Pensando bem, o que é o americanismo se não uma síndrome de síndico de prédio do resto do mundo? Divago...

Proibido som alto depois das 22h
O perfil do Chris Evans na GQ, escrito pela Edith Zimmerman, oferece tudo que uma boa história precisa: tensão sexual, palhaçadinhas, pessoas bonitas e grandes confusões envolvendo uma matéria jornalística completamente irresponsável, tudo isso protagonizado por um homem que é um golden retriever humano. Esse parágrafo é melhor que todos os gibis já escritos.
"But in the days since my first interview with Chris Evans, I'd drunk myself under the table, snuck out of his house at five thirty in the morning, bummed a ride home off a transsexual, been teased mercilessly in front of his mother, and now—this bit in the paper. 
I don't remember touching his chest, which is too bad."
É a história de origem perfeita, o que eu precisava para sedimentar o mito Chris Evans na minha mente e no meu coração, e todo mundo sabe que é preciso um bom mito pra um herói existir.

Outro problema é que as pessoas no geral são PÉSSIMAS pra falar sobre filmes de herói. No caso do Capitão América era todo um papo sobre Segunda Guerra Mundial, patriotismo, vilão nazista megalomaníaco e, sinceramente, quem se importa? No entanto, preciso reconhecer que foi até bem esperta a decisão de ambientar o filme num momento histórico em que o inimigo é claramente outro, é como se o Capitão América fosse o Haddad no segundo turno.
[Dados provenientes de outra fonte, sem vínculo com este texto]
text \<open>The correspondence is purely algebraic. Since \<open>\<chi>\<^sub>z = N \<chi>\<^sub>x \<chi>\<^sub>h\<close>, the SE variance
  \<open>V = N (\<chi>\<^sub>h \<chi>\<^sub>x - q\<^sub>h q\<^sub>x)\<close> leaves \<open>\<chi>\<^sub>z - V = N q\<^sub>x q\<^sub>h\<close>, so the Gaussian kernels in the
  \<open>q\<^sub>z\<close> and \<open>q\<^sub>x\<close> equations of (A) and (B) coincide; and under \<open>\<Sigma> = 1/(2 qhat)\<close> each
  \<open>\<Sigma>\<close>-equation of (A) is the reciprocal of the corresponding \<open>qhat\<close>-equation of (B).\<close>

lemma eq_divide_iff_half_inverse:
  fixes x A B :: "'a::field_char_0"
  assumes "x \<noteq> 0"
  shows "x = A / B \<longleftrightarrow> 1 / (2 * x) = B / (2 * A)"
  using assms by (cases "A = 0 \<or> B = 0") (auto simp: field_simps)

lemma half_inverse_half_inverse:
  fixes x :: "'a::field_char_0"
  shows "1 / (2 * (1 / (2 * x))) = x"
  by (cases "x = 0") (auto simp: field_simps)

lemma variance_eq_iff_precision_x:
  fixes S n c b q d :: "'a::field_char_0"
  assumes "S \<noteq> 0"
  shows "S = n * c\<^sup>2 / (b * q * d) \<longleftrightarrow> 1 / (2 * S) = b * q / 2 * (d / (n * c\<^sup>2))"
  by (subst eq_divide_iff_half_inverse[OF assms]) (simp add: field_simps)

lemma variance_eq_iff_precision_h:
  fixes S a p n c q d :: "'a::field_char_0"
  assumes "S \<noteq> 0"
  shows "S = a * p * n * c\<^sup>2 / (q * d) \<longleftrightarrow> 1 / (2 * S) = q / (2 * a * p) * (d / (n * c\<^sup>2))"
  by (subst eq_divide_iff_half_inverse[OF assms]) (simp add: field_simps)

lemma chiz_minus_variance:
  "chiz N PX PH Ptr l - real (N l) * (chih PH l * chix N PX PH Ptr l - qh * qx)
     = real (N l) * qx * qh"
  by (simp add: chiz_def algebra_simps)

theorem proposition3:
  fixes L K :: nat and N :: "nat \<Rightarrow> nat"
    and PX :: "real \<Rightarrow> real" and PH :: "nat \<Rightarrow> real \<Rightarrow> real"
    and Ptr :: "nat \<Rightarrow> real \<Rightarrow> real \<Rightarrow> real" and Pout :: "real \<Rightarrow> real \<Rightarrow> real"
    and qx qh qz Sx Sh :: "nat \<Rightarrow> real"
  assumes "L \<ge> 1" and "K > 0" and "\<And>l. l \<in> {1..L+1} \<Longrightarrow> N l > 0"
    and "is_density PX"
    and "\<And>l. l \<in> {1..L} \<Longrightarrow> is_density (PH l)"
    and "\<And>l z. l \<in> {1..<L} \<Longrightarrow> is_density (\<lambda>x. Ptr l x z)"
    and "\<And>z. is_density (\<lambda>y. Pout y z)"
    and "\<And>l. l \<in> {1..L} \<Longrightarrow> Sx l > 0"
    and "\<And>l. l \<in> {1..L} \<Longrightarrow> Sh l > 0"
    and "\<And>l. l \<in> {1..L} \<Longrightarrow>
           0 \<le> real (N l) * (chih PH l * chix N PX PH Ptr l - qh l * qx l)"
    and "\<And>l. l \<in> {1..L} \<Longrightarrow>
           real (N l) * (chih PH l * chix N PX PH Ptr l - qh l * qx l) \<le> chiz N PX PH Ptr l"
  shows "SE_system L N K PX PH Ptr Pout qx qh qz
           (\<lambda>l. real (N l) * (chih PH l * chix N PX PH Ptr l - qh l * qx l)) Sx Sh
         \<longleftrightarrow> replica_system L N K PX PH Ptr Pout qx qh qz
           (\<lambda>l. 1 / (2 * Sx l)) (\<lambda>l. 1 / (2 * Sh l))"
  unfolding SE_system_def replica_system_def Let_def
proof (rule ball_cong[OF refl], goal_cases)
  case (1 l)
  have "Sx l \<noteq> 0" "Sh l \<noteq> 0"
    using assms(8,9)[OF 1] by auto
  note Sigma_eqs = variance_eq_iff_precision_x[OF this(1)] variance_eq_iff_precision_h[OF this(2)]
  \<comment> \<open>(B) writes the same products with their factors in different orders\<close>
  have mean_variance_commute:
    "\<And>j. real (N j) * qh j * qx j = real (N j) * qx j * qh j"
    "\<And>j. real (N j) * (chix N PX PH Ptr j * chih PH j - qx j * qh j)
       = real (N j) * (chih PH j * chix N PX PH Ptr j - qh j * qx j)"
    by (simp_all add: ac_simps)
  show ?case
    by (simp only: Sigma_eqs chiz_minus_variance mean_variance_commute
        half_inverse_half_inverse) blast
qed
lemma pnm_cauchy_imp_pairs_close:
  assumes "pnm_cauchy n P x r" "n \<ge> 1"
  shows "\<forall>\<epsilon>>0. \<exists>N. \<forall>i j. N < i \<and> N < j \<longrightarrow> \<bar>P (replicate (n - 1) (x i) @ [x j]) - r\<bar> < \<epsilon>"
proof (intro allI impI)
  fix \<epsilon> :: real assume "\<epsilon> > 0"
  obtain N where N: "\<And>is. length is = n \<Longrightarrow> \<forall>i\<in>set is. N < i \<Longrightarrow>
      - \<epsilon> < P (map x is) - r \<and> P (map x is) - r < \<epsilon>"
    using assms(1) \<open>\<epsilon> > 0\<close> unfolding pnm_cauchy_def by blast
  have "\<bar>P (replicate (n - 1) (x i) @ [x j]) - r\<bar> < \<epsilon>" if "N < i" "N < j" for i j
    using N[of "replicate (n - 1) i @ [j]"] that assms(2) by (simp add: map_replicate abs_less_iff)
  then show "\<exists>N. \<forall>i j. N < i \<and> N < j \<longrightarrow> \<bar>P (replicate (n - 1) (x i) @ [x j]) - r\<bar> < \<epsilon>"
    by blast
qed

lemma pnm_cauchy_if_related_pairs_close:
  assumes pm: "partial_n_metric n X P" and n: "n \<ge> 1" and xX: "\<And>i. x i \<in> X"
    and refl: "\<And>i. R i i"
    and top: "\<And>S. finite S \<Longrightarrow> S \<noteq> {} \<Longrightarrow> \<exists>a\<in>S. \<forall>k\<in>S. R a k"
    and bot: "\<And>S. finite S \<Longrightarrow> S \<noteq> {} \<Longrightarrow> \<exists>b\<in>S. \<forall>k\<in>S. R k b"
    and close: "\<forall>\<epsilon>>0. \<exists>N. \<forall>i j. N < i \<and> N < j \<and> R i j \<longrightarrow>
                  \<bar>P (replicate (n - 1) (x i) @ [x j]) - r\<bar> < \<epsilon>"
  shows "pnm_cauchy n P x r"
  unfolding pnm_cauchy_def
proof (intro allI impI)
  fix \<epsilon> :: real assume "\<epsilon> > 0"
  define e where "e = \<epsilon> / (2 * real n + 2)"
  have "e > 0" and e_small: "(2 * real n + 1) * e < \<epsilon>"
    using \<open>\<epsilon> > 0\<close> by (simp_all add: e_def field_simps)
  then obtain N where N: "\<And>i j. N < i \<Longrightarrow> N < j \<Longrightarrow> R i j \<Longrightarrow>
      \<bar>P (replicate (n - 1) (x i) @ [x j]) - r\<bar> < e"
    using close by blast
  have pair: "P (replicate (n - 1) (x i) @ [x j]) \<le> r + e" if "N < i" "N < j" "R i j" for i j
    using N[OF that] by simp
  have diag: "\<bar>P (replicate n (x i)) - r\<bar> \<le> e" if "N < i" for i
    using N[OF that that refl] unfolding replicate_pred_snoc[OF n] by simp
  show "\<exists>N. \<forall>is. length is = n \<and> (\<forall>i\<in>set is. N < i) \<longrightarrow>
          - \<epsilon> < P (map x is) - r \<and> P (map x is) - r < \<epsilon>"
  proof (intro exI allI impI)
    fix "is" :: "nat list" assume "length is = n \<and> (\<forall>i\<in>set is. N < i)"
    then have len: "length (map x is) = n" and large: "\<And>i. i \<in> set is \<Longrightarrow> N < i"
      and ne: "set is \<noteq> {}" using n by auto
    obtain a where a: "a \<in> set is" "\<And>k. k \<in> set is \<Longrightarrow> R a k"
      using top[OF finite_set ne] by blast
    obtain b where b: "b \<in> set is" "\<And>k. k \<in> set is \<Longrightarrow> R k b"
      using bot[OF finite_set ne] by blast
    have set_is: "set (map x is) \<subseteq> X" using xX by auto
    have "P (map x is) \<le> r + (2 * real n + 1) * e"
    proof (rule partial_n_metric_le_if_row_close[OF pm xX[of a] len set_is])
      show "\<bar>P (replicate n (x a)) - r\<bar> \<le> e" using diag large a(1) by blast
      show "P (replicate (n - 1) (x a) @ [y]) \<le> r + e" if "y \<in> set (map x is)" for y
        using that pair large a by auto
    qed
    moreover have "r - (2 * real n + 1) * e \<le> P (map x is)"
    proof (rule partial_n_metric_ge_if_column_close[OF pm xX[of b] len set_is])
      show "\<bar>P (replicate n (x b)) - r\<bar> \<le> e" using diag large b(1) by blast
      show "\<bar>P (replicate n y) - r\<bar> \<le> e" if "y \<in> set (map x is)" for y
        using that diag large by auto
      show "P (replicate (n - 1) y @ [x b]) \<le> r + e" if "y \<in> set (map x is)" for y
        using that pair large b by auto
    qed
    ultimately show "- \<epsilon> < P (map x is) - r \<and> P (map x is) - r < \<epsilon>"
      using e_small by linarith
  qed
qed

lemma pnm_cauchy_if_close_below_diagonal:
  assumes "partial_n_metric n X P" "n \<ge> 1" "\<And>i. x i \<in> X"
    and "\<forall>\<epsilon>>0. \<exists>N. \<forall>i j. i \<ge> j \<and> j > N \<longrightarrow> \<bar>P (replicate (n - 1) (x i) @ [x j]) - r\<bar> < \<epsilon>"
  shows "pnm_cauchy n P x r"
proof (rule pnm_cauchy_if_related_pairs_close[OF assms(1-3), where R = "\<lambda>i j. j \<le> i"])
  show "\<exists>a\<in>S. \<forall>k\<in>S. k \<le> a" if "finite S" "S \<noteq> {}" for S :: "nat set"
    using that by (meson Max_in Max_ge)
  show "\<exists>b\<in>S. \<forall>k\<in>S. b \<le> k" if "finite S" "S \<noteq> {}" for S :: "nat set"
    using that by (meson Min_in Min_le)
qed (simp, use assms(4) in blast)

lemma pnm_cauchy_if_close_above_diagonal:
  assumes "partial_n_metric n X P" "n \<ge> 1" "\<And>i. x i \<in> X"
    and "\<forall>\<epsilon>>0. \<exists>N. \<forall>i j. i \<ge> j \<and> j > N \<longrightarrow> \<bar>P (replicate (n - 1) (x j) @ [x i]) - r\<bar> < \<epsilon>"
  shows "pnm_cauchy n P x r"
proof (rule pnm_cauchy_if_related_pairs_close[OF assms(1-3), where R = "(\<le>)"])
  show "\<exists>a\<in>S. \<forall>k\<in>S. a \<le> k" if "finite S" "S \<noteq> {}" for S :: "nat set"
    using that by (meson Min_in Min_le)
  show "\<exists>b\<in>S. \<forall>k\<in>S. k \<le> b" if "finite S" "S \<noteq> {}" for S :: "nat set"
    using that by (meson Max_in Max_ge)
qed (simp, use assms(4) in blast)

theorem theorem4p11:
  fixes n :: nat and X :: "'a set" and P :: "'a list \<Rightarrow> real"
    and x :: "nat \<Rightarrow> 'a" and r :: real
  assumes "n \<ge> 2" and "partial_n_metric n X P" and "\<And>i. x i \<in> X"
  shows "(pnm_cauchy n P x r \<longleftrightarrow>
          (\<forall>\<epsilon>>0. \<exists>N::nat. \<forall>i j. i > N \<and> j > N \<longrightarrow>
             - \<epsilon> < P (replicate (n - 1) (x i) @ [x j]) - r \<and> P (replicate (n - 1) (x i) @ [x j]) - r < \<epsilon>)) \<and>
         (pnm_cauchy n P x r \<longleftrightarrow>
          (\<forall>\<epsilon>>0. \<exists>N::nat. \<forall>i j. i \<ge> j \<and> j > N \<longrightarrow>
             - \<epsilon> < P (replicate (n - 1) (x i) @ [x j]) - r \<and> P (replicate (n - 1) (x i) @ [x j]) - r < \<epsilon>)) \<and>
         (pnm_cauchy n P x r \<longleftrightarrow>
          (\<forall>\<epsilon>>0. \<exists>N::nat. \<forall>i j. i \<ge> j \<and> j > N \<longrightarrow>
             - \<epsilon> < P (replicate (n - 1) (x j) @ [x i]) - r \<and> P (replicate (n - 1) (x j) @ [x i]) - r < \<epsilon>))"
proof -
  have n: "n \<ge> 1" using assms(1) by simp
  have abs_less: "(- \<epsilon> < d \<and> d < \<epsilon>) \<longleftrightarrow> \<bar>d\<bar> < \<epsilon>" for d \<epsilon> :: real
    by auto
  let ?close = "\<lambda>\<epsilon> i j. \<bar>P (replicate (n - 1) (x i) @ [x j]) - r\<bar> < \<epsilon>"
  let ?all_pairs = "\<forall>\<epsilon>>0. \<exists>N::nat. \<forall>i j. i > N \<and> j > N \<longrightarrow> ?close \<epsilon> i j"
  let ?below = "\<forall>\<epsilon>>0. \<exists>N::nat. \<forall>i j. i \<ge> j \<and> j > N \<longrightarrow> ?close \<epsilon> i j"
  let ?above = "\<forall>\<epsilon>>0. \<exists>N::nat. \<forall>i j. i \<ge> j \<and> j > N \<longrightarrow> ?close \<epsilon> j i"
  have cauchy_all_pairs: ?all_pairs if "pnm_cauchy n P x r"
    using pnm_cauchy_imp_pairs_close[OF that n] .
  have all_pairs_below: ?below if ?all_pairs
    using that by (meson order.strict_trans2)
  have all_pairs_above: ?above if ?all_pairs
    using that by (meson order.strict_trans2)
  have below_cauchy: "pnm_cauchy n P x r" if ?below
    using pnm_cauchy_if_close_below_diagonal[OF assms(2) n assms(3) that] .
  have above_cauchy: "pnm_cauchy n P x r" if ?above
    using pnm_cauchy_if_close_above_diagonal[OF assms(2) n assms(3) that] .
  show ?thesis
    unfolding abs_less
    using cauchy_all_pairs all_pairs_below all_pairs_above below_cauchy above_cauchy by blast
qed

end
lemma integrable_id [simp]: "integrable M (\<lambda>z. z)"
  by (rule integrable_bounded_on_sphere[where B = 1]) simp_all

lemma integrable_scaleR_inner [simp]: "integrable M (\<lambda>z. (u \<bullet> z) *\<^sub>R z)"
proof (rule integrable_bounded_on_sphere[where B = "norm u"])
  show "norm ((u \<bullet> z) *\<^sub>R z) \<le> norm u" if "norm z = 1" for z
    using that Cauchy_Schwarz_ineq2[of u z] by simp
qed measurable

lemma integrable_inner_mult_inner [simp]: "integrable M (\<lambda>z. (u \<bullet> z) * (v \<bullet> z))"
  using integrable_inner_right[OF integrable_scaleR_inner, of v u]
  by (simp add: mult.commute)

lemma integral_inner_mult_inner: "(\<integral>z. (u \<bullet> z) * (v \<bullet> z) \<partial>M) = v \<bullet> moment_op M u"
  using integral_inner_right[of v M "\<lambda>z. (u \<bullet> z) *\<^sub>R z"]
  by (simp add: moment_op_def)

lemma moment_op_symmetric: "v \<bullet> moment_op M u = u \<bullet> moment_op M v"
  using integral_inner_mult_inner[of u v] integral_inner_mult_inner[of v u]
  by (simp add: mult.commute)

lemma linear_moment_op: "linear (moment_op M)"
proof (rule linearI)
  show "moment_op M (u + v) = moment_op M u + moment_op M v" for u v
    by (simp add: moment_op_def inner_add_left scaleR_add_left)
  show "moment_op M (c *\<^sub>R u) = c *\<^sub>R moment_op M u" for c u
    by (simp only: moment_op_def inner_scaleR_left scaleR_scaleR[symmetric] integral_scaleR_right)
qed

lemma borel_measurable_moment_op [measurable]: "moment_op M \<in> borel_measurable borel"
  using linear_moment_op
  by (intro borel_measurable_continuous_onI linear_continuous_on)
     (simp add: linear_conv_bounded_linear)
O jeito certo de falar sobre Capitão América: O Primeiro Vingador é dizer que o que move o filme é a relação entre Steve Rodgers e seu melhor amigo, Bucky Barnes. O Capitão América só deixa de ser um instrumento de propaganda americana quando vai pra guerra salvar o Bucky. Essa é a história que fica.

I love boyfriends
Pode ser um desserviço interpretar como romântica qualquer relação afetiva mais explícita entre dois personagens masculinos, mas todas as tentativas de criar uma tensão sexual e romântica entre o Steve e a Agent Carter são tão forçadas nesse filme que quase escuto os roteiristas gritando "NO HOMO" enquanto escrevem as cenas. Depois do Perfil do Chris Evans na GQ, sabemos que o Chris Evans é aquela pessoa capaz de fazer com que qualquer interação pareça um flerte, não explorar isso em todas as frentes possíveis me parece um desperdício do potencial desse prolífico ator.
"I also didn't know how much I was supposed to respond; when I did, it sometimes felt a little like hitting on the bartender or misconstruing the bartender's professional flirting for something more. I wanted to think it was genuine, or that part of it was, because I liked him right away. 
Is this the part of a celebrity profile where I go into how blue the star's eyes are? Because they are very blue."

Vocês vão perceber que muitas das escolhas que faço na vida e depois venho relatar neste diário virtual acontecem porque eu estava triste e precisava de algo para me animar, e não foi diferente com a decisão de assistir Capitão América: O Primeiro Vingador  em abril de 2019. Quando o primeiro filme dos Vingadores chegou aos cinemas eu tinha 18 anos, 2012 era um outro plano astral, e era fácil descartar o Capitão América como um mocinho básico e desinteressante. Lembra quando a gente gostava de anti-heróis? kkk

Sete anos depois acho que não tem nada mais radical do que um herói de coração bão e que quer fazer do mundo um lugar melhor. Depois do Perfil do Chris Evans na GQ eu vi que isso podia ser muito sexy também, e é isso que importa no fim das contas.